Mas já houve coisas mais graves e uma delas tem a ver com a cultura, tema sempre muito caro para os ingleses.  Ao abrigo do famigerado referendo do Brexit,  a Orquestra da Juventude da União Europeia foi obrigada a abandonar o Reino Unido, acabando por se aquartelar em Itália. Criada em 1976, esta mudança garante que os fundos oriundos da UE lhe possam continuar a ser cedidos.  O Ministro da Cultura italiano, muito rapidamente, garantiu a futura base da orquestra em Ferrara. O Diretor Musical da fundação da orquestra foi o italiano Claudio Abbado o que, nesta fase,  ajuda ao sentido da mudança. Os componentes da orquestra passarão a ter residências disponíveis a partir de 2018 e o Teatro Abbado, em Ferrara, passará a ser o seu quartel general.  Perante a inevitabilidade da questão, os co-diretores da orquestra regozijaram-se com a solução, enquanto os meios artísticos e culturais britânicos rasgaram vestes e “sangraram-se em público”.

A orquestra acolhe cerca de 120 músicos todos os anos, com idades entre os 17 e os 24 anos e, presentemente. tem 13 componentes do Reino Unido.
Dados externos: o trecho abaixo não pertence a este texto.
(* Let the data $\eta,Q_g,Q_p,\Psi,c_{max},\theta_s,S$ be as in the context. Then there exists at least one $c\in[c_{max},0]$ for which the interface problem (P$_c$) described in the context admits a solution $\theta$, and every such $c$ lies in the open interval $(c_{max},0)$.
   Context: Dimensionless travelling-wave formulation of a solid-propellant combustion model ($x<0$ inert solid, $x>0$ gas, interface at $x=0$; $\theta$ dimensionless temperature; $c<0$ dimensionless regression velocity). Data: $\eta>0$; the gas reaction heat $Q_g>0$ and the pyrolysis heat $Q_p\in\mathbb R$ with $Q_p>-Q_g$; $\Psi:[0,1]\to[0,\infty)$ of class $C^\infty$ with $\Psi(\theta)>0$ for $\theta\in[0,1)$ and $\Psi(1)=0$; a number $c_{max}<0$ and a surface-temperature map $\theta_s:[c_{max},0]\to[0,1]$ (inverse of a pyrolysis law with cut-off at the initial temperature) that is continuous and strictly decreasing with $\theta_s(0)=0$, $\theta_s(c_{max})=1$, and $C^\infty$ on $[c_{max},0)$ with $\theta_s'(c)<0$ there. Define $S(c):=\eta\,\frac{Q_p}{Q_p+Q_g}\,c$. For $c\in[c_{max},0]$, problem (P$_c$) asks for $\theta:\mathbb R\to[0,1]$, continuous, of class $C^2$ on $(-\infty,0]$ and on $[0,\infty)$ (one-sided derivatives at $0$), such that $\theta''+c\theta'=0$ for $x<0$; $\theta''+\eta c\theta'=-\Psi(\theta)$ for $x>0$; $\theta(x)\to0$ as $x\to-\infty$, $\theta(0)=\theta_s(c)$, $\theta(x)\to1$ as $x\to+\infty$, $\theta'(x)\to0$ as $x\to\pm\infty$; and the interface heat balance $\theta'(0^+)-\eta\,\theta'(0^-)=S(c)$. *)

theory Defs
  imports "HOL-Analysis.Analysis"
begin

text \<open>C-infinity on a set S (derivatives taken within S, so one-sided at endpoints):
  there is a sequence of functions D n with D 0 = f on S and D n having derivative
  D (Suc n) at every point of S, within S.\<close>
definition smooth_within :: "(real \<Rightarrow> real) \<Rightarrow> real set \<Rightarrow> bool" where
  "smooth_within f S \<longleftrightarrow>
     (\<exists>D :: nat \<Rightarrow> real \<Rightarrow> real.
        (\<forall>x\<in>S. D 0 x = f x) \<and>
        (\<forall>n. \<forall>x\<in>S. (D n has_real_derivative D (Suc n) x) (at x within S)))"

definition Sfun :: "real \<Rightarrow> real \<Rightarrow> real \<Rightarrow> real \<Rightarrow> real" where
  "Sfun eta Qg Qp c = eta * (Qp / (Qp + Qg)) * c"
lemma emeasure_compact_eq_nn_integral_slice_measure:
  fixes K :: "('a::euclidean_space \<times> 'b::euclidean_space) set"
  assumes "compact K"
  shows "emeasure lborel K = (\<integral>\<^sup>+y. ennreal (slice_measure K y) \<partial>lborel)"
  using nn_integral_compact_eq_slice_measure[OF assms, of "\<lambda>_. 1"] borel_compact[OF assms]
  by simp

section \<open>The Brunn--Minkowski inequality in the plane\<close>

lemma ennreal_convex_combination:
  assumes "0 \<le> s" "s \<le> 1" "0 \<le> a" "0 \<le> b"
  shows "ennreal s * ennreal a + ennreal (1 - s) * ennreal b = ennreal (s * a + (1 - s) * b)"
  using assms by (simp add: ennreal_mult)

lemma slice_measure_convex_combination:
  fixes K L M :: "(real \<times> real) set"
  assumes K: "compact K" "convex K" and L: "compact L" "convex L" and M: "compact M"
    and s: "0 \<le> s" "s \<le> 1"
    and comb: "\<And>p q. p \<in> K \<Longrightarrow> q \<in> L \<Longrightarrow> s *\<^sub>R p + (1 - s) *\<^sub>R q \<in> M"
    and ne: "Pair y1 -` K \<noteq> {}" "Pair y2 -` L \<noteq> {}"
  shows "s * slice_measure K y1 + (1 - s) * slice_measure L y2
    \<le> slice_measure M (s * y1 + (1 - s) * y2)"
proof -
  have "ennreal s * emeasure lborel (Pair y1 -` K)
      + ennreal (1 - s) * emeasure lborel (Pair y2 -` L)
      \<le> emeasure lborel (Pair (s * y1 + (1 - s) * y2) -` M)"
  proof (rule brunn_minkowski_interval)
    show "is_interval (Pair y1 -` K)" "is_interval (Pair y2 -` L)"
      using K L by (simp_all add: is_interval_convex_1 convex_Pair_vimage)
    show "bounded (Pair y1 -` K)" "bounded (Pair y2 -` L)"
      using K L by (simp_all add: compact_imp_bounded compact_Pair_vimage)
    show "Pair (s * y1 + (1 - s) * y2) -` M \<in> sets lborel"
      using M by (simp add: borel_compact compact_Pair_vimage)
    fix x y assume "x \<in> Pair y1 -` K" "y \<in> Pair y2 -` L"
    then have "s *\<^sub>R (y1, x) + (1 - s) *\<^sub>R (y2, y) \<in> M" by (intro comb) auto
    then show "s * x + (1 - s) * y \<in> Pair (s * y1 + (1 - s) * y2) -` M" by simp
  qed (use ne s in auto)
  then show ?thesis
    using s K(1) L(1) M
    by (simp add: emeasure_Pair_vimage_compact ennreal_convex_combination del: ennreal_plus)
qed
Este caso poderá ser extrapolado para muitas orquestras com sedes no Reino Unido porque muitos dos seus membros são originários de diferentes países da UE.  Também a Orquestra Barroca da União Europeia já tinha mudado de Oxfordshire para Antuérpia, por razões idênticas.

Entretanto a Orquestra da Juventude já anunciou que a RAI italiana será, oficialmente, o seu canal oficial de transmissões.

Estas não serão, decerto, as consequências mais importantes do celebrado Brexit mas não deixa de ser um bom indicador de como, de futuro e em todos as atividades, esta operação deverá ser encarada.

Basta ler os mais insuspeitos órgãos de comunicação e atender às vozes de conceituados especialistas mundiais e do próprio Reino Unido para se perceber que o grande equívoco dificilmente chegará a bom porto.  E o elo sempre mais frágil da cultura, mas reconhecidamente o mais virtuoso, é o primeiro a baquear. Mas as marcas desta debandada forçada deixarão um rasto inapagável no conceito cultural sempre tão defendido e qualificado no Reino Unido.

Um pensamento sobre “A AGONIA DO BREXIT

  1. De facto, vivemos uma época de incertezas. Estaria a ser, talvez mais correcto, se dissesse que voltámos a viver uma nova época de incertezas. As desconfianças, os déficites, a concorrência económica entre os mais poderosos, a imigração e a perda de autonomia em relação ao que resta do seu império económico, levou muito boa gente a aceitar o Sim, no referendo provocado pelo saudosismo, de uma realidade que todos nós conhecemos. Sou dos que pensa, que Theresa May jogou demasiado forte, no puro sangue Brexit, sob a opinião de uma facção, tão conservadora como poderosa, esquecendo-se de que já não tem mais pernas para correr nas pistas do Royal Ascot.
    Como avô de três inglesinhas, sinto um maior afastamento geográfico, que talvez, nem o Eurotúnel consiga afastar os famigerados fantasmas da velha ” Albion “. As alfândegas, assim o determinarão…!
    Your passeport, please !!! You are wellcome, Sir…! Have a nice day… ! Oh..! It´s raining ! I´m so sorry…!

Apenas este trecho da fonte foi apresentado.